Perbedaan Biaya dan Beban Pada Akuntansi
Perbedaan Biaya dan Beban Pada Akuntansi
Perbedaan biaya dan beban pada akuntansi menjadi hal yang tidak asing dalam dunia bisnis
ataupun usaha. Untuk anda pebisnis dan pengusaha harus dapat memahami perbedaan
dari keduanya. Biaya dan beban ini adalah salah satu ilmu praktik dari
akuntansi. Ilmu akuntansi memang dibutuhkan oleh pengusaha dan pebisnis. Ilmu
tersebut digunakan pada perusahaan kecil sampai dengan perusahaan berkelas.

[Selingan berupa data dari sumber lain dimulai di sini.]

text \<open>If the quadratic form vanished, so would all terms of the series above; then
  \<open>\<Sum>\<^sub>i x\<^sub>i (v\<^sub>i \<bullet> v\<^sub>j)\<^sup>2\<^sup>k = 0\<close> for all \<open>k \<ge> 1\<close>, which forces \<open>x = 0\<close>.\<close>
lemma cross_norm_quadratic_form_neg:
  fixes v :: "nat \<Rightarrow> real^3" and x :: "nat \<Rightarrow> real"
  assumes unit: "\<And>i. i < n \<Longrightarrow> norm (v i) = 1"
    and nonpar: "\<And>i j. i < n \<Longrightarrow> j < n \<Longrightarrow> i \<noteq> j \<Longrightarrow> cross3 (v i) (v j) \<noteq> 0"
    and sum_x: "(\<Sum>i<n. x i) = 0" and x_nz: "\<exists>i<n. x i \<noteq> 0"
  shows "(\<Sum>i<n. \<Sum>j<n. x i * x j * norm (cross3 (v i) (v j))) < 0"
proof -
  define c where "c = one_minus_sqrt_coeff"
  define P where "P = (\<lambda>k. \<Sum>i<n. \<Sum>j<n. x i * x j * ((v i \<bullet> v j)^2)^k)"
  define L where "L = (\<Sum>i<n. \<Sum>j<n. x i * x j * norm (cross3 (v i) (v j)))"
  define D where "D = (1 - suminf c) * (\<Sum>i<n. (x i)^2)"
  have series: "(\<lambda>k. c k * P k) sums (- L - D)"
    using cross_norm_quadratic_form_series[where n=n and v=v and x=x, OF unit nonpar] sum_x
    unfolding c_def P_def L_def D_def by simp
  have P_eq: "P k = (\<Sum>j<n. x j * (\<Sum>i<n. x i * (v i \<bullet> v j)^(2*k)))" for k
    unfolding P_def by (subst sum.swap) (simp add: sum_distrib_left power_mult[symmetric] mult_ac)
  have P_nonneg: "P k \<ge> 0" for k
    unfolding P_eq by (rule inner_power_quadratic_form_nonneg)
  have c_nonneg: "c k \<ge> 0" for k unfolding c_def by (rule one_minus_sqrt_coeff_nonneg)
  have series_nonneg: "suminf (\<lambda>k. c k * P k) \<ge> 0"
    by (rule suminf_nonneg[OF sums_summable[OF series]]) (simp add: P_nonneg c_nonneg)
  have D_nonneg: "D \<ge> 0"
    using suminf_one_minus_sqrt_coeff_le_1 unfolding D_def c_def
    by (auto intro!: mult_nonneg_nonneg[of "1 - _"] sum_nonneg)
  have "L \<noteq> 0"
  proof
    assume "L = 0"
    hence "suminf (\<lambda>k. c k * P k) = 0"
      using sums_unique[OF series] series_nonneg D_nonneg by linarith
    hence cP_0: "c k * P k = 0" for k
      using suminf_eq_zero_iff[OF sums_summable[OF series]] P_nonneg c_nonneg by simp
    have "x j = 0" if j: "j < n" for j
    proof (rule sum_powers_eq_0_imp_coeff_eq_0[of j n "\<lambda>i. (v i \<bullet> v j)^2"])
      show "(v j \<bullet> v j)^2 = 1"
        using unit[OF j] by (simp add: power2_norm_eq_inner[symmetric])
      show "\<bar>(v i \<bullet> v j)^2\<bar> < 1" if "i < n" "i \<noteq> j" for i
        using inner_square_unit_lt_1 unit nonpar that j by simp
      show "(\<Sum>i<n. x i * ((v i \<bullet> v j)^2) ^ k) = 0" if "k \<ge> 1" for k
        using inner_power_quadratic_form_eq_0[where m="2*k" and w="v j"] P_eq[of k] cP_0[of k]
          one_minus_sqrt_coeff_pos[OF that] by (simp add: c_def power_mult)
    qed (rule j)
    then show False using x_nz by auto
  qed
  thus ?thesis
    using sums_unique[OF series] series_nonneg D_nonneg unfolding L_def by linarith
qed

lemma index_mult_mat_sum:
  assumes "A \<in> carrier_mat n m" "B \<in> carrier_mat m p" "i < n" "j < p"
  shows "(A * B) $$ (i,j) = (\<Sum>k<m. A $$ (i,k) * B $$ (k,j))"
  using assms by (simp add: scalar_prod_def Matrix.row_def col_def atLeast0LessThan)

lemma symmetric_bilinear_commute:
  fixes S :: "real Matrix.mat"
  assumes sym: "\<And>i j. i < n \<Longrightarrow> j < n \<Longrightarrow> S $$ (i,j) = S $$ (j,i)"
  shows "(\<Sum>l<n. u l * (\<Sum>m<n. S $$ (l,m) * w m)) = (\<Sum>m<n. w m * (\<Sum>l<n. S $$ (m,l) * u l))"
proof -
  have "(\<Sum>l<n. u l * (\<Sum>m<n. S $$ (l,m) * w m)) = (\<Sum>l<n. \<Sum>m<n. w m * (S $$ (m,l) * u l))"
    by (intro sum.cong refl) (simp add: sum_distrib_left sym mult_ac)
  also have "\<dots> = (\<Sum>m<n. w m * (\<Sum>l<n. S $$ (m,l) * u l))"
    by (subst sum.swap) (simp add: sum_distrib_left)
  finally show ?thesis .
qed

interpretation of_real_poly_hom: map_poly_inj_comm_ring_hom "of_real :: real \<Rightarrow> complex" ..

lemma real_symmetric_complex_eigenvalue_real:
  fixes S :: "real Matrix.mat" and a :: complex
  assumes S: "S \<in> carrier_mat n n"
    and sym: "\<And>i j. i < n \<Longrightarrow> j < n \<Longrightarrow> S $$ (i,j) = S $$ (j,i)"
    and ev: "eigenvalue (of_real_hom.mat_hom S) a"
  shows "a \<in> \<real>"
proof -
  let ?Sc = "of_real_hom.mat_hom S :: complex Matrix.mat"
  define M where "M = (\<lambda>i j. complex_of_real (S $$ (i,j)))"
  from ev obtain v where v: "v \<in> carrier_vec n" "v \<noteq> 0\<^sub>v n" "?Sc *\<^sub>v v = a \<cdot>\<^sub>v v"
    unfolding eigenvalue_def eigenvector_def using S by auto
  have Mv: "(\<Sum>j<n. M i j * v$j) = a * v$i" if i: "i < n" for i
  proof -
    have "(?Sc *\<^sub>v v) $ i = (\<Sum>j<n. M i j * v$j)"
      using S v(1) i by (simp add: scalar_prod_def M_def atLeast0LessThan Matrix.row_def)
    thus ?thesis using v(3) v(1) i by simp
  qed
  obtain i0 where i0: "i0 < n" "v $ i0 \<noteq> 0"
    using v(1,2) by (metis carrier_vecD eq_vecI index_zero_vec(1) index_zero_vec(2))
  text \<open>\<open>v\<^sup>* S v = a \<parallel>v\<parallel>\<^sup>2\<close> is self-conjugate because \<open>S\<close> is real symmetric.\<close>
  define s where "s = (\<Sum>i<n. cnj (v$i) * (\<Sum>j<n. M i j * v$j))"
  define N where "N = (\<Sum>i<n. (cmod (v$i))^2)"
  have "N \<ge> (cmod (v$i0))^2" unfolding N_def
    by (rule member_le_sum) (use i0 in auto)
  moreover have "(cmod (v$i0))^2 > 0" using i0 by simp
  ultimately have N_pos: "N > 0" by linarith
  have "s = (\<Sum>i<n. a * (cnj (v$i) * v$i))"
    unfolding s_def by (intro sum.cong refl) (simp add: Mv)
  also have "\<dots> = a * of_real N"
    unfolding N_def by (simp add: sum_distrib_left complex_norm_square mult_ac del: of_real_power)
  finally have s_eq: "s = a * of_real N" .
  have "cnj s = (\<Sum>j<n. \<Sum>i<n. cnj (v$j) * (M j i * v$i))"
    unfolding s_def by (subst sum.swap) (simp add: sum_distrib_left M_def sym mult_ac)
  hence "cnj s = s" by (simp add: s_def sum_distrib_left)
  hence "cnj a = a" using s_eq N_pos by (metis complex_cnj_complex_of_real complex_cnj_mult
        mult_cancel_right of_real_eq_0_iff less_irrefl)
  thus ?thesis by (metis Reals_cnj_iff)
qed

Dengan adanya ilmu akutan ini anda dapat mengetahui kondisi
usaha anda, seperti besarnya pengeluaran, laba yang didapatkan dan masih banyak
lagi. Salah satu ilmu praktik yang terpenting dalam usaha atau bisnis yaitu
biaya dan beban akuntansi. Kedua istilah ini tidak bisa dilepaskan dari sistem
akuntansi apapun. Mengapa seperti itu? Karena biaya dan beban ini memiliki
makna yang krusial bagi setiap manajemen dari keuangan perusahaan anda.
Perbedaan Biaya Dan Beban Pada Akuntansi Pengusaha Banyak orang yang menganggap bahwa beban dan biaya dalam akuntansi adalah sama. Padahal keduanya memiliki arti yang berbeda. Bagaimana cara mengetahui Perbedaan biaya dan beban pada akuntansi. Secara umum biaya adalah sumber ekonomi yang memang harus dikeluarkan demi kelangsungan perusahaan. Sedangkan beban yaitu penurunan ekonomi berupa penyusutan nilai aktiva atau pengeluaran uang. Berikut ini adalah perbedaanya.  
  1. Periode akuntansi
    Biaya memiliki periode lebih dari satu tahun dalam perusahaan dikarenakan dianggap sebagai pengeluaran untuk modal. Sedangkan beban memiliki periode kurang dari satu tahun dikarenakan dijadikan sebagai pengeluaran pendapatan.
  2. Posisi dalam laporan keuangan
    Biaya biasanya diletakkan dalam penyusunan neraca yang berupa biaya yang belum terpakai yang dapat digunakan untuk aktiva perusahaan. Sedangkan beban letaknya pada laporan untung dan rugi. Berarti beban ini adalah biaya yang sudah terpakai dan tidak bermanfaat untuk masa depan.
    • Biaya (berupa aktiva-aktiva yang dapat bermanfaat di masa depan, belum terpakai) yang ada di neraca.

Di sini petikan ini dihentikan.